The empirical evidence is everywhere, numbers even an English teacher can't ignore. Newton, Natick, Nee... I am allowed to say Needham, right? ...that has to be two thousand high school graduates right there, give or take, and that's just the neighborhood Ns. Across the country no fewer than 3.2 million seniors are graduating about now from more than 37,000 high schools. That's 37,000 valedictorians, 37,000 class presidents, 92,000 harmonizing altos, 340,000 swaggering jocks, 2,185,967 pairs of Uggs. But why limit ourselves to high school? After all, you're leaving it. So think about this: even if you're one in a million, on a planet of 6.8 billion that means there are nearly 7,000 people just like you. Imagine standing somewhere over there on Washington Street on Marathon Monday and watching sixty-eight hundred yous go running by. And consider for a moment the bigger picture, your planet, I'll remind you, is not the center of its solar system, your solar system is not the center of its galaxy, your galaxy is not the center of the universe. In fact, astrophysicists assure us the universe has no center; therefore, you cannot be it. Neither can Donald Trump, which someone should tell him, although his hair is quite a phenomenon.

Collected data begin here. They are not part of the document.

(* Let $\mathcal{R}$ be a cell space with finite stabiliser $G_0$, let $F,F'$ be finite subsets of $M$ and let $\mathfrak{g},\mathfrak{g}'\in G/G_0$. Then $|(\cdot\triangleleft\mathfrak{g})^{-1}(F)\setminus(\cdot\triangleleft\mathfrak{g}')^{-1}(F')|\leq|G_0|^2\cdot\max_{g\in\mathfrak{g}}|F\setminus(\cdot\triangleleft g^{-1}\cdot\mathfrak{g}')^{-1}(F')|$ and $|(\cdot\triangleleft\mathfrak{g})^{-1}(F)\setminus(\cdot\triangleleft\mathfrak{g}')^{-1}(F')|\leq|G_0|^2\cdot\max_{g'\in\mathfrak{g}'}|(\cdot\triangleleft(g')^{-1}\cdot\mathfrak{g})^{-1}(F)\setminus F'|$.
   Context: A cell space $\mathcal{R}$ consists of a group $G$ acting transitively on the left on a nonempty set $M$ via $\triangleright$, a point $m_0\in M$ and a family $(g_{m_0,m})_{m\in M}$ in $G$ with $g_{m_0,m}\triangleright m_0=m$. $G_0$ is the stabiliser of $m_0$, $G/G_0$ the set of left cosets (elements are subsets of $G$), with $G$ acting by $g\cdot hG_0=ghG_0$. The right semi-action $\triangleleft\colon M\times G/G_0\to M$ is $m\triangleleft gG_0=g_{m_0,m}g\triangleright m_0$, and $(\cdot\triangleleft\mathfrak{h})^{-1}(B)=\{m\in M: m\triangleleft\mathfrak{h}\in B\}$. *)

theory Defs
  imports "HOL-Algebra.Group_Action"
begin

definition cell_space ::
  "('g, 'b) monoid_scheme \<Rightarrow> 'm set \<Rightarrow> ('g \<Rightarrow> 'm \<Rightarrow> 'm) \<Rightarrow> 'm \<Rightarrow> ('m \<Rightarrow> 'g) \<Rightarrow> bool" where
  "cell_space G M act m0 gm \<longleftrightarrow>
     group G \<and> transitive_action G M act \<and> M \<noteq> {} \<and> m0 \<in> M \<and>
     (\<forall>m\<in>M. gm m \<in> carrier G \<and> act (gm m) m0 = m)"

definition cell_cosets ::
  "('g, 'b) monoid_scheme \<Rightarrow> ('g \<Rightarrow> 'm \<Rightarrow> 'm) \<Rightarrow> 'm \<Rightarrow> 'g set set" where
  "cell_cosets G act m0 = {g <#\<^bsub>G\<^esub> stabilizer G act m0 | g. g \<in> carrier G}"

text \<open>Right semi-action m \<triangleleft> gG_0 = g_{m0,m} g \<triangleright> m0 (well-defined on cosets;
  we evaluate at an arbitrary representative of the coset).\<close>
definition semi_act ::
  "('g, 'b) monoid_scheme \<Rightarrow> ('g \<Rightarrow> 'm \<Rightarrow> 'm) \<Rightarrow> 'm \<Rightarrow> ('m \<Rightarrow> 'g) \<Rightarrow> 'm \<Rightarrow> 'g set \<Rightarrow> 'm" where
  "semi_act G act m0 gm m C = act (gm m \<otimes>\<^bsub>G\<^esub> (SOME g. g \<in> C)) m0"

definition semi_preimage ::
  "('g, 'b) monoid_scheme \<Rightarrow> 'm set \<Rightarrow> ('g \<Rightarrow> 'm \<Rightarrow> 'm) \<Rightarrow> 'm \<Rightarrow> ('m \<Rightarrow> 'g) \<Rightarrow> 'g set \<Rightarrow> 'm set \<Rightarrow> 'm set" where
  "semi_preimage G M act m0 gm C B = {m \<in> M. semi_act G act m0 gm m C \<in> B}"

end

theory Submission
  imports Defs
begin

text \<open>If n = m \<triangleleft> \<gg>, then gm m = gm n \<otimes> inv g for some g \<in> \<gg>; hence every fibre of
  m \<mapsto> m \<triangleleft> \<gg> has at most |G0| points, and (m \<triangleleft> \<gg>) \<triangleleft> (inv g <# \<gg>') = m \<triangleleft> \<gg>' for
  that g. So every m in the difference of preimages lies in the preimage under \<triangleleft> \<gg> of
  F minus the preimage of F' under \<triangleleft> (inv g <# \<gg>') for one of the |G0| elements g \<in> \<gg>, and
  each of these preimages has at most |G0| times as many points as the set; the second bound
  is symmetric.\<close>

locale cell_space_setting =
  fixes G :: "('g, 'b) monoid_scheme" (structure) and M :: "'m set" and act :: "'g \<Rightarrow> 'm \<Rightarrow> 'm"
    and m0 :: 'm and gm :: "'m \<Rightarrow> 'g"
  assumes cell_space: "cell_space G M act m0 gm"
begin

abbreviation G0 :: "'g set" where "G0 \<equiv> stabilizer G act m0"

abbreviation semi_act_on :: "'m \<Rightarrow> 'g set \<Rightarrow> 'm" (infixl "\<triangleleft>" 70)
  where "m \<triangleleft> C \<equiv> semi_act G act m0 gm m C"

abbreviation preimage_semi_act :: "'g set \<Rightarrow> 'm set \<Rightarrow> 'm set"
  where "preimage_semi_act C B \<equiv> semi_preimage G M act m0 gm C B"

sublocale group G
  using cell_space unfolding cell_space_def by auto

sublocale group_action G M act
  using cell_space unfolding cell_space_def transitive_action_def by auto

lemma m0_in_M: "m0 \<in> M"
  using cell_space unfolding cell_space_def by auto

lemma gm_closed: "m \<in> M \<Longrightarrow> gm m \<in> carrier G"
  using cell_space unfolding cell_space_def by auto

lemma act_gm: "m \<in> M \<Longrightarrow> act (gm m) m0 = m"
  using cell_space unfolding cell_space_def by auto

lemma subgroup_G0: "subgroup G0 G"
  using stabilizer_subgroup[OF m0_in_M] .

lemma act_inv_act:
  assumes "g \<in> carrier G" "x \<in> M"
  shows "act (inv g) (act g x) = x"
proof -
  have "act (inv g) (act g x) = act (inv g \<otimes> g) x"
    using composition_rule[OF assms(2) inv_closed[OF assms(1)] assms(1)] by simp
  also have "\<dots> = act \<one> x"
    using assms by simp
  also have "\<dots> = x"
    using id_eq_one assms(2) by (metis restrict_apply')
  finally show ?thesis .
qed

lemma act_mult_stabilizer:
  assumes "g \<in> carrier G" "h \<in> G0"
  shows "act (g \<otimes> h) m0 = act g m0"
  using assms composition_rule[OF m0_in_M] unfolding stabilizer_def by auto

lemma cell_coset_subset_carrier: "\<gg> \<in> cell_cosets G act m0 \<Longrightarrow> \<gg> \<subseteq> carrier G"
  unfolding cell_cosets_def using l_coset_subset_G subgroup.subset[OF subgroup_G0] by auto

lemma cell_coset_eq_l_coset:
  assumes "\<gg> \<in> cell_cosets G act m0" "g \<in> \<gg>"
  shows "\<gg> = g <# G0"
  using assms l_repr_independence[OF _ _ subgroup_G0] unfolding cell_cosets_def by auto

lemma cell_coset_nonempty: "\<gg> \<in> cell_cosets G act m0 \<Longrightarrow> \<exists>g. g \<in> \<gg>"
  unfolding cell_cosets_def l_coset_def using subgroup.one_closed[OF subgroup_G0] by blast

lemma l_coset_cell_coset:
  assumes "\<gg> \<in> cell_cosets G act m0" "x \<in> carrier G"
  shows "x <# \<gg> \<in> cell_cosets G act m0"
  using assms lcos_m_assoc[OF subgroup.subset[OF subgroup_G0]] unfolding cell_cosets_def by auto

lemma card_cell_coset:
  assumes "\<gg> \<in> cell_cosets G act m0"
  shows "card \<gg> = card G0" and "finite \<gg> \<longleftrightarrow> finite G0"
proof -
  obtain k where k: "k \<in> carrier G" "\<gg> = (\<lambda>h. k \<otimes> h) ` G0"
    using assms unfolding cell_cosets_def l_coset_def by auto
  have "inj_on (\<lambda>h. k \<otimes> h) G0"
    using k(1) by (intro inj_onI) (simp add: subgroup.mem_carrier[OF subgroup_G0])
  then show "card \<gg> = card G0" "finite \<gg> \<longleftrightarrow> finite G0"
    using k(2) by (simp_all add: card_image finite_image_iff)
qed

lemma semi_act_eq:
  assumes "\<gg> \<in> cell_cosets G act m0" "g \<in> \<gg>" "m \<in> M"
  shows "m \<triangleleft> \<gg> = act (gm m \<otimes> g) m0"
proof -
  have g: "g \<in> carrier G"
    using assms cell_coset_subset_carrier by auto
  have "(SOME k. k \<in> \<gg>) \<in> g <# G0"
    using assms cell_coset_eq_l_coset by (metis someI)
  then obtain h where h: "h \<in> G0" "(SOME k. k \<in> \<gg>) = g \<otimes> h"
    unfolding l_coset_def by auto
  have "act (gm m \<otimes> (g \<otimes> h)) m0 = act (gm m \<otimes> g \<otimes> h) m0"
    using g h(1) gm_closed[OF assms(3)] subgroup.mem_carrier[OF subgroup_G0] by (simp add: m_assoc)
  also have "\<dots> = act (gm m \<otimes> g) m0"
    using act_mult_stabilizer g gm_closed[OF assms(3)] h(1) by simp
  finally show ?thesis
    unfolding semi_act_def h(2) .
qed

lemma semi_act_closed:
  assumes "\<gg> \<in> cell_cosets G act m0" "m \<in> M"
  shows "m \<triangleleft> \<gg> \<in> M"
proof -
  obtain g where g: "g \<in> \<gg>"
    using cell_coset_nonempty[OF assms(1)] by blast
  then have "gm m \<otimes> g \<in> carrier G"
    using assms cell_coset_subset_carrier gm_closed by blast
  then show ?thesis
    unfolding semi_act_eq[OF assms(1) g assms(2)] using element_image[OF _ m0_in_M refl] by blast
qed

lemma gm_eq_gm_semi_act_mult_inv:
  assumes \<gg>: "\<gg> \<in> cell_cosets G act m0" and m: "m \<in> M"
  shows "\<exists>a\<in>\<gg>. gm m = gm (m \<triangleleft> \<gg>) \<otimes> inv a"
proof -
  obtain k where k: "k \<in> \<gg>"
    using cell_coset_nonempty[OF \<gg>] by blast
  have kc: "k \<in> carrier G"
    using k cell_coset_subset_carrier[OF \<gg>] by auto
  define n where "n = m \<triangleleft> \<gg>"
  have n: "n \<in> M" "act (gm m \<otimes> k) m0 = n"
    unfolding n_def using semi_act_closed[OF \<gg> m] semi_act_eq[OF \<gg> k m] by auto
  have gc: "gm n \<in> carrier G" "gm m \<in> carrier G"
    using gm_closed n(1) m by auto
  define h where "h = inv (gm n) \<otimes> (gm m \<otimes> k)"
  have hc: "h \<in> carrier G"
    unfolding h_def using gc kc by simp
  have "act h m0 = act (inv (gm n)) (act (gm n) m0)"
    unfolding h_def using composition_rule[OF m0_in_M] gc kc n(2) act_gm[OF n(1)] by simp
  then have "h \<in> G0"
    using act_inv_act[OF gc(1) m0_in_M] hc unfolding stabilizer_def by simp
  then have "k \<otimes> inv h \<in> \<gg>"
    using cell_coset_eq_l_coset[OF \<gg> k] subgroup.m_inv_closed[OF subgroup_G0]
    unfolding l_coset_def by blast
  moreover have "gm n \<otimes> inv (k \<otimes> inv h) = gm m"
    unfolding h_def using gc kc
    by (simp add: inv_mult_group m_assoc[symmetric])
  ultimately show ?thesis
    unfolding n_def by metis
qed

lemma semi_act_fiber_subset:
  assumes "\<gg> \<in> cell_cosets G act m0"
  shows "{m \<in> M. m \<triangleleft> \<gg> = n} \<subseteq> (\<lambda>a. act (gm n \<otimes> inv a) m0) ` \<gg>"
proof
  fix m assume "m \<in> {m \<in> M. m \<triangleleft> \<gg> = n}"
  then have m: "m \<in> M" "m \<triangleleft> \<gg> = n" by auto
  then obtain a where "a \<in> \<gg>" "gm m = gm n \<otimes> inv a"
    using gm_eq_gm_semi_act_mult_inv[OF assms] by blast
  then show "m \<in> (\<lambda>a. act (gm n \<otimes> inv a) m0) ` \<gg>"
    using act_gm[OF m(1)] by force
qed

lemma
  assumes "\<gg> \<in> cell_cosets G act m0" "finite G0" "finite S"
  shows finite_preimage_semi_act: "finite (preimage_semi_act \<gg> S)"
    and card_preimage_semi_act_le: "card (preimage_semi_act \<gg> S) \<le> card G0 * card S"
proof -
  let ?cover = "\<Union>n\<in>S. (\<lambda>a. act (gm n \<otimes> inv a) m0) ` \<gg>"
  have fin\<gg>: "finite \<gg>"
    using assms card_cell_coset(2) by blast
  have fin: "finite ?cover"
    using assms(3) fin\<gg> by blast
  have sub: "preimage_semi_act \<gg> S \<subseteq> ?cover"
    using semi_act_fiber_subset[OF assms(1)] unfolding semi_preimage_def by blast
  show "finite (preimage_semi_act \<gg> S)"
    using finite_subset[OF sub fin] .
  have "card (preimage_semi_act \<gg> S) \<le> card ?cover"
    using card_mono[OF fin sub] .
  also have "\<dots> \<le> (\<Sum>n\<in>S. card ((\<lambda>a. act (gm n \<otimes> inv a) m0) ` \<gg>))"
    using card_UN_le[OF assms(3)] .
  also have "\<dots> \<le> (\<Sum>n\<in>S. card G0)"
    using card_image_le[OF fin\<gg>] card_cell_coset(1)[OF assms(1)] by (intro sum_mono) auto
  finally show "card (preimage_semi_act \<gg> S) \<le> card G0 * card S"
    by (simp add: mult.commute)
qed

lemma card_le_card_stabilizer_sq_Max:
  assumes \<gg>: "\<gg> \<in> cell_cosets G act m0" and fin: "finite G0"
    and D: "\<And>g. g \<in> \<gg> \<Longrightarrow> finite (D g)"
    and X: "X \<subseteq> (\<Union>g\<in>\<gg>. preimage_semi_act \<gg> (D g))"
  shows "card X \<le> card G0 ^ 2 * Max ((\<lambda>g. card (D g)) ` \<gg>)"
proof -
  let ?Mx = "Max ((\<lambda>g. card (D g)) ` \<gg>)"
  have fin\<gg>: "finite \<gg>"
    using card_cell_coset(2)[OF \<gg>] fin by simp
  have "card X \<le> card (\<Union>g\<in>\<gg>. preimage_semi_act \<gg> (D g))"
    using X fin\<gg> D finite_preimage_semi_act[OF \<gg> fin] by (intro card_mono) auto
  also have "\<dots> \<le> (\<Sum>g\<in>\<gg>. card (preimage_semi_act \<gg> (D g)))"
    using card_UN_le[OF fin\<gg>] .
  also have "\<dots> \<le> (\<Sum>g\<in>\<gg>. card G0 * ?Mx)"
  proof (rule sum_mono)
    fix g assume g: "g \<in> \<gg>"
    have "card (preimage_semi_act \<gg> (D g)) \<le> card G0 * card (D g)"
      using card_preimage_semi_act_le[OF \<gg> fin D[OF g]] .
    also have "\<dots> \<le> card G0 * ?Mx"
      using g fin\<gg> by simp
    finally show "card (preimage_semi_act \<gg> (D g)) \<le> card G0 * ?Mx" .
  qed
  also have "\<dots> = card G0 ^ 2 * ?Mx"
    using card_cell_coset(1)[OF \<gg>] by (simp add: power2_eq_square)
  finally show ?thesis .
qed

"But, Dave," you cry, "Walt Whitman tells me I'm my own version of perfection! Epictetus tells me I have the spark of Zeus!" And I don't disagree. So that makes 6.8 billion sparks of Zeus. You see, if everyone is special, then no one is. If everyone gets a trophy, trophies become meaningless. In our unspoken but not so subtle Darwinian competition with one another - which springs, I think, from our fear of our own insignificance, a subset of our dread of mortality - we have of late, we Americans, to our detriments, come to love accolades more than genuine achievement. We have come to see them as the point - and we're happy to compromise standards, or ignore reality, if we suspect that's the quickest way, or only way, to have something to put on the mantlepiece, something to pose with, crow about, something with which to leverage ourselves into a better spot on the social totem pole. No longer is it how you play the game, no longer is it whether you win or lose, or learn or grow, or enjoy yourself doing it. Now it's "So what does this get me?" As a consequence, we cheapen worthy endeavors, and building a Guatemalan medical clinic becomes more about the application to Bowdoin than the well-being of Guatemalans. It's an epidemic - and in its way, not even dear old Wellesley High is immune - one of the best of the 37,000 nationwide, Wellesley High School, where good is no longer good enough, where a B is the new C, and the midlevel curriculum is called Advanced College Placement. And I hope you caught me when I said "one of the best." I said "one of the best" so we can feel better about ourselves, so we can bask in a little easy distinction, however vague and unverifiable, and count ourselves among the elite, whoever they might be, and enjoy a perceived leg up on the perceived competition. But the phrase defies logic. By definition there can be only one best. You're it or you're not.
If you've learned anything in your years here I hope it's that education should be for, rather than material advantage, the exhilaration of learning. You've learned, too, I hope, as Sophocles assured us, that wisdom is the chief element of happiness. (Second is ice cream, just an fyi). I also hope you've learned enough to recognize just how little you know, how little you know now, at this moment, for today is just the beginning. It's where you go from here that matters.
(Mod: McCullough, the son of a famed historian also named David McCullough - the "Jr." thing is never easy, I know - ended his remarkable talk with upbeat advice about the value of hard work, finding your passion in life, living it to its fullest, the very real possibility of exceptional accomplishment, all that. But he also said this: "The fulfilling life, the relevant life, is an achievement, not something that will fall into your lap because you're a nice person or mommy ordered it from the caterer." Enjoy your Sunday.)